TASK BRIEF: Please return all of the material exactly, with no line missing.

•••

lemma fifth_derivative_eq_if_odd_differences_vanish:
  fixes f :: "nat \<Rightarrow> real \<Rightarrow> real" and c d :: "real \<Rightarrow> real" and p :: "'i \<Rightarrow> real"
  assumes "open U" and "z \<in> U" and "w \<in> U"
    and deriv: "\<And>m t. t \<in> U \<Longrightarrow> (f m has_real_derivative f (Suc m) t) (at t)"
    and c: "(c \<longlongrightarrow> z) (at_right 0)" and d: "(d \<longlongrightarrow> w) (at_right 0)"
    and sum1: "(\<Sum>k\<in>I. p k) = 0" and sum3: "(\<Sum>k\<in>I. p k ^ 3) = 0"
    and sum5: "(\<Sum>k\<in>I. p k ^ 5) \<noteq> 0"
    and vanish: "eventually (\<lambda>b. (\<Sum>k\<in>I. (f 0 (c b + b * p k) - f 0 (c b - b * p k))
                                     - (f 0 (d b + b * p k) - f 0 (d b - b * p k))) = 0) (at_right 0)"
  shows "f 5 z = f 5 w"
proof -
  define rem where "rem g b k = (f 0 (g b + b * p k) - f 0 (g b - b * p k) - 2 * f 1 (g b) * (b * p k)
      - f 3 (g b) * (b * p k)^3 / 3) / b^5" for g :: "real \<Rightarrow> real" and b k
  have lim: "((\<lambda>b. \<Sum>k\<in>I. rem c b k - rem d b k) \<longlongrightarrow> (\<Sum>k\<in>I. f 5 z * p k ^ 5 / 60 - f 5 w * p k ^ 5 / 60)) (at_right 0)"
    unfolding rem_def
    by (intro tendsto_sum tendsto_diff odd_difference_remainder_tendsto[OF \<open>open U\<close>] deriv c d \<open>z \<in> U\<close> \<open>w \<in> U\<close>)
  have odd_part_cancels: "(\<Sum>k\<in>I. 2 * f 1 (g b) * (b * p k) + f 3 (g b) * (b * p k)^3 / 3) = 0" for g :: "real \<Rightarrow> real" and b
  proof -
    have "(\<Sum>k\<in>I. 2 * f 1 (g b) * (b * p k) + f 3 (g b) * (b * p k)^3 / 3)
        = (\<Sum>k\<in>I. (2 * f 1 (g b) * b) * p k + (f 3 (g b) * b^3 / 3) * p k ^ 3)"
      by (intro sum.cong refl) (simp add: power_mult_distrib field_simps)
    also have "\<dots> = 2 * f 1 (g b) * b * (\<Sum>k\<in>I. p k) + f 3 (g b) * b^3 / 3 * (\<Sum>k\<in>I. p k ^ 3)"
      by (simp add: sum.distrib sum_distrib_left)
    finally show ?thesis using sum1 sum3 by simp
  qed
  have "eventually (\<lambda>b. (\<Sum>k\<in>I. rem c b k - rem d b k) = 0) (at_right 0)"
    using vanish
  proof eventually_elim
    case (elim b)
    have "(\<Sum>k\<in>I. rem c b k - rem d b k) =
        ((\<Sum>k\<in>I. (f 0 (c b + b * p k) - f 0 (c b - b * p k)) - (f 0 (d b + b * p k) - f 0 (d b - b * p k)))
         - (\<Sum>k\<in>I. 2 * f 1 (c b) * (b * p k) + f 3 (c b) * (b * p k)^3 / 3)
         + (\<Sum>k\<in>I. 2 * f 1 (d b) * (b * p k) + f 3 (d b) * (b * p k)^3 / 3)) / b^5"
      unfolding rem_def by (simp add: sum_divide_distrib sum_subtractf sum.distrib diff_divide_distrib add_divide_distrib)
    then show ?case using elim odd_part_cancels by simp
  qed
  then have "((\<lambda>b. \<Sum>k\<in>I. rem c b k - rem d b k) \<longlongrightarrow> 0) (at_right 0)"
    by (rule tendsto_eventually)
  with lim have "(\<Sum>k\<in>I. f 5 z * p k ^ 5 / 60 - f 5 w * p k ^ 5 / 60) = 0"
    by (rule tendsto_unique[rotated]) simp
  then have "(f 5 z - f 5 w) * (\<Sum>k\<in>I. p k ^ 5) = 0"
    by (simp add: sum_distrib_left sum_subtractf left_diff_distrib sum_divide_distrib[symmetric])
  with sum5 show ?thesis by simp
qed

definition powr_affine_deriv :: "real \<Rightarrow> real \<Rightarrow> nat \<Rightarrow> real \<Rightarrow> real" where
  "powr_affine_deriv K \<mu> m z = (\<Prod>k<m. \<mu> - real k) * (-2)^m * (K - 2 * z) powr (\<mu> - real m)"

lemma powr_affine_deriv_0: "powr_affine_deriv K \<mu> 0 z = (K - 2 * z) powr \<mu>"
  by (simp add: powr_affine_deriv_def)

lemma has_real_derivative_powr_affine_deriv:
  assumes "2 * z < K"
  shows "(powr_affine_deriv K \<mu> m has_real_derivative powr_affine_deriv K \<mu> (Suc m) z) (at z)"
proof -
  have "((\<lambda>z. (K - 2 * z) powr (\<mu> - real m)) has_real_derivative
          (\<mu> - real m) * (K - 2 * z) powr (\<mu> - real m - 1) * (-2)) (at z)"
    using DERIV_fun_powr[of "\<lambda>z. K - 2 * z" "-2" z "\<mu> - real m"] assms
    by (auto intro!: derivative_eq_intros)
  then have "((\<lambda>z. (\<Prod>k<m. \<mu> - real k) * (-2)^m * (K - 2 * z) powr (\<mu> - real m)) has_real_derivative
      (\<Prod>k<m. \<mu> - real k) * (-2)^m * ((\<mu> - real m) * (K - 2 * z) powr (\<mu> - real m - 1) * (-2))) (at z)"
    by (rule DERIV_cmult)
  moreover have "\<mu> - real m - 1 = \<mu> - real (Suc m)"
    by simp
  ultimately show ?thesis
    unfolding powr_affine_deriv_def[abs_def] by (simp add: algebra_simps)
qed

•••

RESPONSE AREA:
lemma fifth_derivative_eq_if_odd_differences_vanish:
  fixes f :: "nat \<Rightarrow> real \<Rightarrow> real" and c d :: "real \<Rightarrow> real" and p :: "'i \<Rightarrow> real"
  assumes "open U" and "z \<in> U" and "w \<in> U"
    and deriv: "\<And>m t. t \<in> U \<Longrightarrow> (f m has_real_derivative f (Suc m) t) (at t)"
    and c: "(c \<longlongrightarrow> z) (at_right 0)" and d: "(d \<longlongrightarrow> w) (at_right 0)"
    and sum1: "(\<Sum>k\<in>I. p k) = 0" and sum3: "(\<Sum>k\<in>I. p k ^ 3) = 0"
    and sum5: "(\<Sum>k\<in>I. p k ^ 5) \<noteq> 0"
    and vanish: "eventually (\<lambda>b. (\<Sum>k\<in>I. (f 0 (c b + b * p k) - f 0 (c b - b * p k))
                                     - (f 0 (d b + b * p k) - f 0 (d b - b * p k))) = 0) (at_right 0)"
  shows "f 5 z = f 5 w"
proof -
  define rem where "rem g b k = (f 0 (g b + b * p k) - f 0 (g b - b * p k) - 2 * f 1 (g b) * (b * p k)
      - f 3 (g b) * (b * p k)^3 / 3) / b^5" for g :: "real \<Rightarrow> real" and b k
  have lim: "((\<lambda>b. \<Sum>k\<in>I. rem c b k - rem d b k) \<longlongrightarrow> (\<Sum>k\<in>I. f 5 z * p k ^ 5 / 60 - f 5 w * p k ^ 5 / 60)) (at_right 0)"
    unfolding rem_def
    by (intro tendsto_sum tendsto_diff odd_difference_remainder_tendsto[OF \<open>open U\<close>] deriv c d \<open>z \<in> U\<close> \<open>w \<in> U\<close>)
  have odd_part_cancels: "(\<Sum>k\<in>I. 2 * f 1 (g b) * (b * p k) + f 3 (g b) * (b * p k)^3 / 3) = 0" for g :: "real \<Rightarrow> real" and b
  proof -
    have "(\<Sum>k\<in>I. 2 * f 1 (g b) * (b * p k) + f 3 (g b) * (b * p k)^3 / 3)
        = (\<Sum>k\<in>I. (2 * f 1 (g b) * b) * p k + (f 3 (g b) * b^3 / 3) * p k ^ 3)"
      by (intro sum.cong refl) (simp add: power_mult_distrib field_simps)
    also have "\<dots> = 2 * f 1 (g b) * b * (\<Sum>k\<in>I. p k) + f 3 (g b) * b^3 / 3 * (\<Sum>k\<in>I. p k ^ 3)"
      by (simp add: sum.distrib sum_distrib_left)
    finally show ?thesis using sum1 sum3 by simp
  qed
  have "eventually (\<lambda>b. (\<Sum>k\<in>I. rem c b k - rem d b k) = 0) (at_right 0)"
    using vanish
  proof eventually_elim
    case (elim b)
    have "(\<Sum>k\<in>I. rem c b k - rem d b k) =
        ((\<Sum>k\<in>I. (f 0 (c b + b * p k) - f 0 (c b - b * p k)) - (f 0 (d b + b * p k) - f 0 (d b - b * p k)))
         - (\<Sum>k\<in>I. 2 * f 1 (c b) * (b * p k) + f 3 (c b) * (b * p k)^3 / 3)
         + (\<Sum>k\<in>I. 2 * f 1 (d b) * (b * p k) + f 3 (d b) * (b * p k)^3 / 3)) / b^5"
      unfolding rem_def by (simp add: sum_divide_distrib sum_subtractf sum.distrib diff_divide_distrib add_divide_distrib)
    then show ?case using elim odd_part_cancels by simp
  qed
  then have "((\<lambda>b. \<Sum>k\<in>I. rem c b k - rem d b k) \<longlongrightarrow> 0) (at_right 0)"
    by (rule tendsto_eventually)
  with lim have "(\<Sum>k\<in>I. f 5 z * p k ^ 5 / 60 - f 5 w * p k ^ 5 / 60) = 0"
    by (rule tendsto_unique[rotated]) simp
  then have "(f 5 z - f 5 w) * (\<Sum>k\<in>I. p k ^ 5) = 0"
    by (simp add: sum_distrib_left sum_subtractf left_diff_distrib sum_divide_distrib[symmetric])
  with sum5 show ?thesis by simp
qed

definition powr_affine_deriv :: "real \<Rightarrow> real \<Rightarrow> nat \<Rightarrow> real \<Rightarrow> real" where
  "powr_affine_deriv K \<mu> m z = (\<Prod>k<m. \<mu> - real k) * (-2)^m * (K - 2 * z) powr (\<mu> - real m)"

lemma powr_affine_deriv_0: "powr_affine_deriv K \<mu> 0 z = (K - 2 * z) powr \<mu>"
  by (simp add: powr_affine_deriv_def)

lemma has_real_derivative_powr_affine_deriv:
  assumes "2 * z < K"
  shows "(powr_affine_deriv K \<mu> m has_real_derivative powr_affine_deriv K \<mu> (Suc m) z) (at z)"
proof -
  have "((\<lambda>z. (K - 2 * z) powr (\<mu> - real m)) has_real_derivative
          (\<mu> - real m) * (K - 2 * z) powr (\<mu> - real m - 1) * (-2)) (at z)"
    using DERIV_fun_powr[of "\<lambda>z. K - 2 * z" "-2" z "\<mu> - real m"] assms
    by (auto intro!: derivative_eq_intros)
  then have "((\<lambda>z. (\<Prod>k<m. \<mu> - real k) * (-2)^m * (K - 2 * z) powr (\<mu> - real m)) has_real_derivative
      (\<Prod>k<m. \<mu> - real k) * (-2)^m * ((\<mu> - real m) * (K - 2 * z) powr (\<mu> - real m - 1) * (-2))) (at z)"
    by (rule DERIV_cmult)
  moreover have "\<mu> - real m - 1 = \<mu> - real (Suc m)"
    by simp
  ultimately show ?thesis
    unfolding powr_affine_deriv_def[abs_def] by (simp add: algebra_simps)
qed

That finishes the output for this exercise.